Garbage in, garbage out is the motto, and bad or inaccurate data may seem an easy thing to filter. However, unacknowledged biases can affect how AIs evaluate and weight different data points, and this is nowhere more evident than in sectors controlled by specific demographics that may exclude or downgrade others.

Biases in workplaces and in the worlds of tech and finance can cause data to be skewed going in, and this can cause bias to be perpetuated in the results the AI spits out. With adoption rates of AI in businesses having grown by 60 percent in past year, identifying and mitigating this “Data Bias” must be a priority to maintain trust.

Gender and racial biases are being continually addressed and attempts made to remedy them in workplaces across various sectors. Businesses are now taking steps to address these issues, but the perpetrators of bias are still, in many cases, the ones programming the AIs, and even though it’s not deliberate, bias still leaks through.

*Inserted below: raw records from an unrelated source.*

(* Let $V\subset\mathbb{R}^d$ be a finite antichain and $p\in S_V$. If $p$ is a syzygy-point, then $p$ is a characteristic point.
   Context: For $x,y\in\mathbb{R}^d$, $x\le y$ (dominance order) means $x_i\le y_i$ for all $i$; $y\rhd x$ means $y_i>x_i$ for all $i$; $y\rhd_i x$ means $y_i=x_i$ and $y_j>x_j$ for all $j\neq i$. $V\subset\mathbb{R}^d$ is a finite antichain in the dominance order. The orthogonal surface $S_V$ is the topological boundary of $\langle V\rangle=\{x: x\ge v\text{ for some }v\in V\}$. Flats: $U_i(v)=\{p\in S_V: p\rhd_i v\}$; for $v,w\in V$ put $v\sim_i w$ iff $U_i(v)\cap U_i(w)\neq\emptyset$, and let $\sim_i^c$ be the reflexive–transitive closure; the $i$-flat of $v$ is $F_i(v)=\overline{\bigcup_{w\sim_i^c v}U_i(w)}$, and an $i$-flat is any set of this form. A characteristic point is a point of $S_V$ that lies in some $i$-flat for every $i\in\{1,\dots,d\}$. For $p\in S_V$ let $\Delta_p$ be the simplicial complex on $\{1,\dots,d\}$ with $I\in\Delta_p$ iff $p+\epsilon\sum_{i\in I}e_i\in S_V$ for some $\epsilon>0$ ($e_i$ the standard unit vectors). $p$ is a syzygy-point if $\Delta_p$ has non-trivial (reduced) homology. *)

theory Defs
  imports "HOL-Analysis.Analysis"
begin

text \<open>Points of R^d are vectors of type real^'n, d = CARD('n). The index type is
  additionally linearly ordered; the order is only used to orient simplices when
  defining simplicial (reduced) homology, which does not depend on this choice.\<close>

definition dom_le :: "real^'n \<Rightarrow> real^'n \<Rightarrow> bool" where
  "dom_le x y \<longleftrightarrow> (\<forall>i. x$i \<le> y$i)"

definition dom_gt :: "real^'n \<Rightarrow> real^'n \<Rightarrow> bool" where
  "dom_gt y x \<longleftrightarrow> (\<forall>i. y$i > x$i)"

definition dom_gt_i :: "'n \<Rightarrow> real^'n \<Rightarrow> real^'n \<Rightarrow> bool" where
  "dom_gt_i i y x \<longleftrightarrow> y$i = x$i \<and> (\<forall>j. j \<noteq> i \<longrightarrow> y$j > x$j)"

definition antichain_dom :: "(real^'n) set \<Rightarrow> bool" where
  "antichain_dom V \<longleftrightarrow> (\<forall>v\<in>V. \<forall>w\<in>V. dom_le v w \<longrightarrow> v = w)"

definition generated :: "(real^'n) set \<Rightarrow> (real^'n) set" where
  "generated V = {x. \<exists>v\<in>V. dom_le v x}"

definition orth_surface :: "(real^'n) set \<Rightarrow> (real^'n) set" where
  "orth_surface V = frontier (generated V)"

definition U_flat :: "(real^'n) set \<Rightarrow> 'n \<Rightarrow> real^'n \<Rightarrow> (real^'n) set" where
  "U_flat V i v = {p \<in> orth_surface V. dom_gt_i i p v}"

definition sim_i :: "(real^'n) set \<Rightarrow> 'n \<Rightarrow> real^'n \<Rightarrow> real^'n \<Rightarrow> bool" where
  "sim_i V i v w \<longleftrightarrow> v \<in> V \<and> w \<in> V \<and> U_flat V i v \<inter> U_flat V i w \<noteq> {}"

definition i_flat_of :: "(real^'n) set \<Rightarrow> 'n \<Rightarrow> real^'n \<Rightarrow> (real^'n) set" where
  "i_flat_of V i v = closure (\<Union> {U_flat V i w | w. w \<in> V \<and> (sim_i V i)\<^sup>*\<^sup>* w v})"

definition is_i_flat :: "(real^'n) set \<Rightarrow> 'n \<Rightarrow> (real^'n) set \<Rightarrow> bool" where
  "is_i_flat V i F \<longleftrightarrow> (\<exists>v\<in>V. F = i_flat_of V i v)"

definition characteristic_point :: "(real^'n) set \<Rightarrow> real^'n \<Rightarrow> bool" where
  "characteristic_point V p \<longleftrightarrow>
     p \<in> orth_surface V \<and> (\<forall>i. \<exists>F. is_i_flat V i F \<and> p \<in> F)"
text \<open>Identification of |p| with the standard simplex in R^f (coordinates indexed by the
  vertices f_i of f; the apex v goes to 0, f_i to e_i): the coordinates of x are x restricted
  to f; the inverse sends y to the point with barycentric coordinate y w at w in f and
  1 - sum of y over f at the apex.\<close>
definition coords_to_point :: "'v set \<Rightarrow> 'v set \<Rightarrow> ('v \<Rightarrow> real) \<Rightarrow> ('v \<Rightarrow> real)" where
  "coords_to_point p f y =
     (\<lambda>w. if w \<in> f then y w else if w = apex p f then 1 - sum y f else 0)"

definition retr_r :: "'v set \<Rightarrow> ('v \<Rightarrow> real) \<Rightarrow> ('v \<Rightarrow> real)" where
  "retr_r f y = (\<lambda>w. y w - Min (y ` f))"

definition fodr :: "'v set \<Rightarrow> 'v set \<Rightarrow> real \<Rightarrow> ('v \<Rightarrow> real) \<Rightarrow> ('v \<Rightarrow> real)" where
  "fodr p f t x =
     (if x \<in> geom_simplex p
      then coords_to_point p f (\<lambda>w. (1 - t) * x w + t * retr_r f x w)
      else x)"

end

theory Submission
  imports Defs
begin

text \<open>
  A point x of |p| lies in |S| exactly when its support lies in S. Because every simplex of S
  below p is below f, such a support is a proper face of f: x has apex coordinate 0 and some
  vanishing coordinate on f, so the minimum of x over f is 0 and H fixes x. Conversely, H only
  moves mass from f to the apex, so the apex coordinate of H_t x vanishes only if H_t x = x.
  Hence H_t preserves |p| together with both |p| \<inter> |S| and its complement, and it is the
  identity off |p|.
\<close>

lemma apex_insert:
  assumes "v \<notin> f"
  shows "apex (insert v f) f = v"
  unfolding apex_def using assms by (intro the_equality) auto
(* Let $\mathcal{D}$ be a finite dataset, $\mathbb{P}_{\mathcal{D}}$ a full-support probability distribution on $\mathcal{D}$, $\alpha\in(0,1)$ with $\mathcal{S}_\alpha\neq\varnothing$, and $\mathrm{Learn}$ any (possibly randomized) learning algorithm. Let $\mathrm{Retrain}$ be the retraining unlearning method, i.e. $\mathrm{Retrain}(\mathrm{Learn}(\mathcal{R}\cup\mathcal{F}),\mathcal{F})=\mathrm{Learn}(\mathcal{R})$. Then for every (not necessarily efficient) adversary $\mathcal{A}$, $$\mathrm{Adv}(\mathcal{A},\mathrm{Retrain})=0 .$$ Consequently $\mathcal{Q}(\mathrm{Retrain})=1$.
   Context: Unlearning sample inference game. $\mathcal{D}$ is a finite dataset with a "sensitivity distribution" $\mathbb{P}_{\mathcal{D}}$ on $\mathcal{D}$ (assumed to have full support), and $\alpha\in(0,1)$ is the unlearning portion. $\mathcal{S}_\alpha$ is the (finite) set of all ordered triples $s=(\mathcal{R},\mathcal{F},\mathcal{T})$ of pairwise disjoint subsets of $\mathcal{D}$ with $\mathcal{R}\cup\mathcal{F}\cup\mathcal{T}=\mathcal{D}$, $|\mathcal{F}|/|\mathcal{R}\cup\mathcal{F}|=\alpha$ and $|\mathcal{F}|=|\mathcal{T}|$ (retain, forget, test sets). For $s\in\mathcal{S}_\alpha$ and a bit $b\in\{0,1\}$, the random oracle $\mathcal{O}_s(b)$, each time it is queried, returns an independent sample from $\mathbb{P}_{\mathcal{D}}$ conditioned on $\mathcal{F}$ if $b=0$, and conditioned on $\mathcal{T}$ if $b=1$. A learning algorithm $\mathrm{Learn}$ is a randomized map from datasets to models; an unlearning algorithm $\mathrm{Unlearn}$ is a randomized map taking a model and a subset of data and returning a model. For $s=(\mathcal{R},\mathcal{F},\mathcal{T})$, $\mathbb{P}_{\mathcal{M}}(\mathrm{Unlearn},s)$ denotes the distribution of $m=\mathrm{Unlearn}(\mathrm{Learn}(\mathcal{R}\cup\mathcal{F}),\mathcal{F})$. An adversary $\mathcal{A}$ is a (possibly randomized) algorithm that is given access to a model $m$ and to an oracle $\mathcal{O}$ (which it may query repeatedly; $b$ and $s$ are unknown to it) and outputs a bit $\mathcal{A}^{\mathcal{O}}(m)\in\{0,1\}$; the oracle is independent of $m$ given $s$. The advantage is $$\mathrm{Adv}(\mathcal{A},\mathrm{Unlearn})=\frac{1}{|\mathcal{S}_\alpha|}\Big|\sum_{s\in\mathcal{S}_\alpha}\Pr_{m\sim\mathbb{P}_{\mathcal{M}}(\mathrm{Unlearn},s),\,\mathcal{O}=\mathcal{O}_s(0)}(\mathcal{A}^{\mathcal{O}}(m)=1)-\sum_{s\in\mathcal{S}_\alpha}\Pr_{m\sim\mathbb{P}_{\mathcal{M}}(\mathrm{Unlearn},s),\,\mathcal{O}=\mathcal{O}_s(1)}(\mathcal{A}^{\mathcal{O}}(m)=1)\Big|,$$ and the Unlearning Quality is $\mathcal{Q}(\mathrm{Unlearn})=1-\sup_{\mathcal{A}}\mathrm{Adv}(\mathcal{A},\mathrm{Unlearn})$, the supremum over adversaries. *)

theory Defs
  imports "HOL-Probability.Probability"
begin

definition S_alpha :: "'a set \<Rightarrow> real \<Rightarrow> ('a set \<times> 'a set \<times> 'a set) set" where
  "S_alpha D \<alpha> = {(R, F, T). R \<subseteq> D \<and> F \<subseteq> D \<and> T \<subseteq> D \<and>
      R \<inter> F = {} \<and> R \<inter> T = {} \<and> F \<inter> T = {} \<and> R \<union> F \<union> T = D \<and>
      real (card F) / real (card (R \<union> F)) = \<alpha> \<and> card F = card T}"

(* Oracle O_s(b): the whole (infinite) sequence of its independent answers,
  each distributed as P conditioned on F (b = False, i.e. bit 0) or on T (b = True, bit 1). *)
definition orcl :: "'a pmf \<Rightarrow> ('a set \<times> 'a set \<times> 'a set) \<Rightarrow> bool \<Rightarrow> 'a stream measure" where
  "orcl P s b = (case s of (R, F, T) \<Rightarrow>
      stream_space (measure_pmf (cond_pmf P (if b then T else F))))"

definition model_dist :: "('a set \<Rightarrow> 'm pmf) \<Rightarrow> ('m \<Rightarrow> 'a set \<Rightarrow> 'm pmf)
    \<Rightarrow> ('a set \<times> 'a set \<times> 'a set) \<Rightarrow> 'm pmf" where
  "model_dist Learn Unlearn s = (case s of (R, F, T) \<Rightarrow>
      bind_pmf (Learn (R \<union> F)) (\<lambda>m. Unlearn m F))"

(* An adversary gets the model and the sequence of orcl answers (it may read any
  prefix, adaptively) and outputs a random bit; it uses its own independent coins. *)
definition is_adversary :: "('m \<Rightarrow> 'a stream \<Rightarrow> bool pmf) \<Rightarrow> bool" where
  "is_adversary A \<longleftrightarrow>
     (\<forall>m. (\<lambda>\<omega>. pmf (A m \<omega>) True) \<in> borel_measurable (stream_space (count_space UNIV)))"

definition prob_one :: "'a pmf \<Rightarrow> (('a set \<times> 'a set \<times> 'a set) \<Rightarrow> 'm pmf)
    \<Rightarrow> ('m \<Rightarrow> 'a stream \<Rightarrow> bool pmf) \<Rightarrow> ('a set \<times> 'a set \<times> 'a set) \<Rightarrow> bool \<Rightarrow> real" where
  "prob_one P PM A s b =
     measure_pmf.expectation (PM s) (\<lambda>m. integral\<^sup>L (orcl P s b) (\<lambda>\<omega>. pmf (A m \<omega>) True))"

definition adv :: "'a set \<Rightarrow> real \<Rightarrow> 'a pmf \<Rightarrow> (('a set \<times> 'a set \<times> 'a set) \<Rightarrow> 'm pmf)
    \<Rightarrow> ('m \<Rightarrow> 'a stream \<Rightarrow> bool pmf) \<Rightarrow> real" where
  "adv D \<alpha> P PM A = 1 / real (card (S_alpha D \<alpha>)) *
     \<bar>(\<Sum>s\<in>S_alpha D \<alpha>. prob_one P PM A s False) - (\<Sum>s\<in>S_alpha D \<alpha>. prob_one P PM A s True)\<bar>"

definition quality :: "'a set \<Rightarrow> real \<Rightarrow> 'a pmf \<Rightarrow> (('a set \<times> 'a set \<times> 'a set) \<Rightarrow> 'm pmf) \<Rightarrow> real" where
  "quality D \<alpha> P PM = 1 - (SUP A \<in> {A :: 'm \<Rightarrow> 'a stream \<Rightarrow> bool pmf. is_adversary A}. adv D \<alpha> P PM A)"

end

theory Submission
  imports Defs
begin

text \<open>Under retraining the released model depends only on the retain set, so exchanging the
  forget and test sets of a split leaves the model unchanged while exchanging the two oracles.
  Since this exchange is a bijection of the set of splits, the two sums in the advantage agree.\<close>

definition swap_forget_test :: "'a set \<times> 'a set \<times> 'a set \<Rightarrow> 'a set \<times> 'a set \<times> 'a set" where
  "swap_forget_test s = (case s of (R, F, T) \<Rightarrow> (R, T, F))"

lemma swap_forget_test_mem_S_alpha:
  assumes "finite D" and "(R, F, T) \<in> S_alpha D \<alpha>"
  shows "(R, T, F) \<in> S_alpha D \<alpha>"
proof -
  have fin: "finite R" "finite F" "finite T"
    using assms by (auto simp: S_alpha_def intro: finite_subset)
  have "card (R \<union> T) = card (R \<union> F)"
    using assms fin by (auto simp: S_alpha_def card_Un_disjoint)
  then show ?thesis
    using assms(2) by (auto simp: S_alpha_def)
qed

lemma bij_betw_swap_forget_test:
  assumes "finite D"
  shows "bij_betw swap_forget_test (S_alpha D \<alpha>) (S_alpha D \<alpha>)"
  by (rule bij_betw_byWitness[where f' = swap_forget_test])
     (auto simp: swap_forget_test_def intro: swap_forget_test_mem_S_alpha[OF assms])

lemma prob_one_swap_forget_test:
  assumes "PM (swap_forget_test s) = PM s"
  shows "prob_one P PM A (swap_forget_test s) False = prob_one P PM A s True"
  using assms by (cases s) (simp add: swap_forget_test_def prob_one_def orcl_def)

lemma adv_eq_0_if_swap_invariant:
  assumes "finite D"
    and invariant: "\<And>s. s \<in> S_alpha D \<alpha> \<Longrightarrow> PM (swap_forget_test s) = PM s"
  shows "adv D \<alpha> P PM A = 0"
proof -
  let ?S = "S_alpha D \<alpha>" and ?p = "prob_one P PM A"
  have "(\<Sum>s\<in>?S. ?p s False) = (\<Sum>s\<in>?S. ?p (swap_forget_test s) False)"
    using sum.reindex_bij_betw[OF bij_betw_swap_forget_test[OF assms(1)], of "\<lambda>s. ?p s False"]
    by simp
  also have "\<dots> = (\<Sum>s\<in>?S. ?p s True)"
    by (rule sum.cong[OF refl]) (simp add: prob_one_swap_forget_test invariant)
  finally show ?thesis
    by (simp add: adv_def)
qed

lemma quality_eq_1_if_adv_eq_0:
  assumes "\<And>A. is_adversary A \<Longrightarrow> adv D \<alpha> P PM A = 0"
  shows "quality D \<alpha> P PM = 1"
proof -
  have "is_adversary (\<lambda>m \<omega>. return_pmf True)"
    by (simp add: is_adversary_def)
  then have "adv D \<alpha> P PM ` {A. is_adversary A} = {0}"
    using assms by (auto intro!: image_eqI[where x = "\<lambda>m \<omega>. return_pmf True"])
  then show ?thesis
    by (simp add: quality_def)
qed

lemma model_dist_retrain:
  assumes "bind_pmf (Learn (R \<union> F)) (\<lambda>m. Unlearn m F) = Learn R"
  shows "model_dist Learn Unlearn (R, F, T) = Learn R"
  using assms by (simp add: model_dist_def)

theorem theorem3p4:
  fixes D :: "'a set" and P :: "'a pmf" and \<alpha> :: real
    and Learn :: "'a set \<Rightarrow> 'm pmf" and Unlearn :: "'m \<Rightarrow> 'a set \<Rightarrow> 'm pmf"
  assumes "finite D"
    and "set_pmf P = D"
    and "0 < \<alpha>" and "\<alpha> < 1"
    and "S_alpha D \<alpha> \<noteq> {}"
    and retrain: "\<And>R F T. (R, F, T) \<in> S_alpha D \<alpha> \<Longrightarrow>
                    bind_pmf (Learn (R \<union> F)) (\<lambda>m. Unlearn m F) = Learn R"
  shows "(\<forall>A. is_adversary A \<longrightarrow> adv D \<alpha> P (model_dist Learn Unlearn) A = 0)
         \<and> quality D \<alpha> P (model_dist Learn Unlearn) = 1"
proof -
  have "model_dist Learn Unlearn (swap_forget_test s) = model_dist Learn Unlearn s"
    if "s \<in> S_alpha D \<alpha>" for s
  proof (cases s)
    case (fields R F T)
    then have "(R, T, F) \<in> S_alpha D \<alpha>"
      using swap_forget_test_mem_S_alpha[OF \<open>finite D\<close>] that by blast
    then show ?thesis
      using that fields by (simp add: swap_forget_test_def model_dist_retrain retrain)
  qed
  then have "adv D \<alpha> P (model_dist Learn Unlearn) A = 0" for A
    using adv_eq_0_if_swap_invariant[OF \<open>finite D\<close>] by blast
  then show ?thesis
    using quality_eq_1_if_adv_eq_0 by blast
qed

end
lemma type_region_generic:
  assumes "generic k x"
  shows "type_region k (trop_type k x) =
    {y. \<forall>I m i. I \<in> trop_type k x m \<longrightarrow> i \<noteq> m \<longrightarrow> lift y I i < lift y I m}"
    (is "_ = ?H")
proof (intro set_eqI iffI)
  fix y assume "y \<in> type_region k (trop_type k x)"
  then have ty: "trop_type k y = trop_type k x" by (simp add: type_region_def)
  show "y \<in> ?H"
  proof (safe)
    fix I m i assume I: "I \<in> trop_type k x m" and "i \<noteq> m"
    then have "I \<notin> trop_type k y i" using genericD[OF assms] ty by metis
    moreover have "I \<in> trop_type k y m" using I ty by simp
    ultimately obtain j where "lift y I i < lift y I j" "lift y I j \<le> lift y I m"
      unfolding mem_trop_type_iff by (auto simp: not_le)
    then show "lift y I i < lift y I m" by linarith
  qed
next
  fix y assume y: "y \<in> ?H"
  have "I \<in> trop_type k y m \<longleftrightarrow> I \<in> trop_type k x m" for I m
  proof
    assume "I \<in> trop_type k x m"
    with y show "I \<in> trop_type k y m" by (force simp: mem_trop_type_iff order_le_less)
  next
    assume I: "I \<in> trop_type k y m"
    obtain m' where "\<forall>i. lift x I i \<le> lift x I m'" using ex_lift_argmax by blast
    with I have m': "I \<in> trop_type k x m'" by (simp add: mem_trop_type_iff)
    with y I have "m = m'" by (force simp: mem_trop_type_iff not_less[symmetric])
    with m' show "I \<in> trop_type k x m" by simp
  qed
  then show "y \<in> type_region k (trop_type k x)" by (auto simp: type_region_def)
qed
lemma eventually_greater_at_left_if_deriv_neg:
  fixes f f' :: "real \<Rightarrow> real"
  assumes "\<forall>\<^sub>F t in nhds x. (f has_real_derivative f' t) (at t)"
    and "\<forall>\<^sub>F t in at_left x. f' t < 0"
  shows "\<forall>\<^sub>F t in at_left x. f x < f t"
proof -
  have "\<forall>\<^sub>F t in nhds x. ((\<lambda>t. - f t) has_real_derivative - f' t) (at t)"
    using assms(1) by (rule eventually_mono) (rule DERIV_minus)
  moreover have "\<forall>\<^sub>F t in at_left x. 0 < - f' t"
    using assms(2) by (rule eventually_mono) simp
  ultimately show ?thesis
    using eventually_less_at_left_if_deriv_pos[where f = "\<lambda>t. - f t" and f' = "\<lambda>t. - f' t"] by simp
qed

text \<open>At an interior minimum \<open>f2\<close> vanishes, so the Schwarzian condition forces \<open>f3 < 0\<close>,
  i.e. a strict local maximum.\<close>
lemma neg_schwarzian_min_at_endpoints:
  fixes f1 f2 f3 :: "real \<Rightarrow> real"
  assumes "u \<le> v"
    and f1: "\<And>x. x \<in> {u..v} \<Longrightarrow> (f1 has_real_derivative f2 x) (at x)"
    and f2: "\<And>x. x \<in> {u..v} \<Longrightarrow> (f2 has_real_derivative f3 x) (at x)"
    and pos: "\<And>x. x \<in> {u..v} \<Longrightarrow> 0 < f1 x"
    and schwarzian: "\<And>x. x \<in> {u..v} \<Longrightarrow> f3 x * f1 x - 3/2 * (f2 x)^2 < 0"
    and x: "x \<in> {u..v}"
  shows "min (f1 u) (f1 v) \<le> f1 x"
proof -
  have "continuous_on {u..v} f1"
    using f1 by (meson DERIV_isCont continuous_at_imp_continuous_on)
  then obtain m where m: "m \<in> {u..v}" and min: "\<And>y. y \<in> {u..v} \<Longrightarrow> f1 m \<le> f1 y"
    using continuous_attains_inf[OF compact_Icc _ \<open>continuous_on {u..v} f1\<close>] \<open>u \<le> v\<close> by auto
  show ?thesis
  proof (cases "m = u \<or> m = v")
    case True
    then show ?thesis using min x by auto
  next
    case False
    then have m': "m \<in> {u<..<v}" using m by auto
    have "f2 m = 0"
      by (rule DERIV_local_min[OF f1[OF m], of "min (m - u) (v - m)"])
        (use m' min in \<open>auto simp: abs_less_iff\<close>)
    with schwarzian[OF m] pos[OF m] have "f3 m < 0" by (simp add: mult_less_0_iff)
    have "\<forall>\<^sub>F t in nhds m. t \<in> {u<..<v}" using m' by (intro eventually_nhds_in_open) auto
    then have "\<forall>\<^sub>F t in nhds m. (f1 has_real_derivative f2 t) (at t)"
      by (rule eventually_mono) (use f1 in auto)
    moreover have "\<forall>\<^sub>F t in at_left m. 0 < f2 t"
      using eventually_greater_at_left_if_DERIV_neg[OF f2[OF m] \<open>f3 m < 0\<close>] \<open>f2 m = 0\<close> by simp
    ultimately have "\<forall>\<^sub>F t in at_left m. f1 t < f1 m"
      by (rule eventually_less_at_left_if_deriv_pos)
    moreover have "\<forall>\<^sub>F t in at_left m. t \<in> {u<..<m}"
      using m' by (intro eventually_at_left_real) auto
    ultimately obtain t where "f1 t < f1 m" "t \<in> {u<..<m}"
      using eventually_happens'[OF trivial_limit_at_left_real] eventually_conj by blast
    then show ?thesis using min[of t] m' by auto
  qed
qed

Technologist Kriti Sharma recently pointed out that the first wave of virtual assistants reinforced sexist gender roles: the “personal assistant” roles such as Apple’s Siri and Amazon’s Alexa have female voices, but “problem-solving” bots like IBM’s Watson and Microsoft’s Einstein have male ones.

Bias didn’t stop there:

Data is biased. The lack of women in senior positions in the tech industry is an obvious go-to; only around 5 percent of leadership positions in the tech sector are held by women. Women of color are even less likely to be in power positions.

In the world of finance, bias can unconsciously sneak in and cause the AI to weight factors unfairly, leading to declines in loans or mortgage approvals for certain types of workers, ethnicities, and age groups.

In the job market, AI image recognition software deluged with gender stereotypes may assume from images on offer than cleaning and cooking are women’s work, while executive or coaching positions are better served by male candidates. This can affect job search and job matching services.

Biases can be removed, but only if those doing the programming can be trusted. This means roles for underserved demographics in programming are more vital than ever.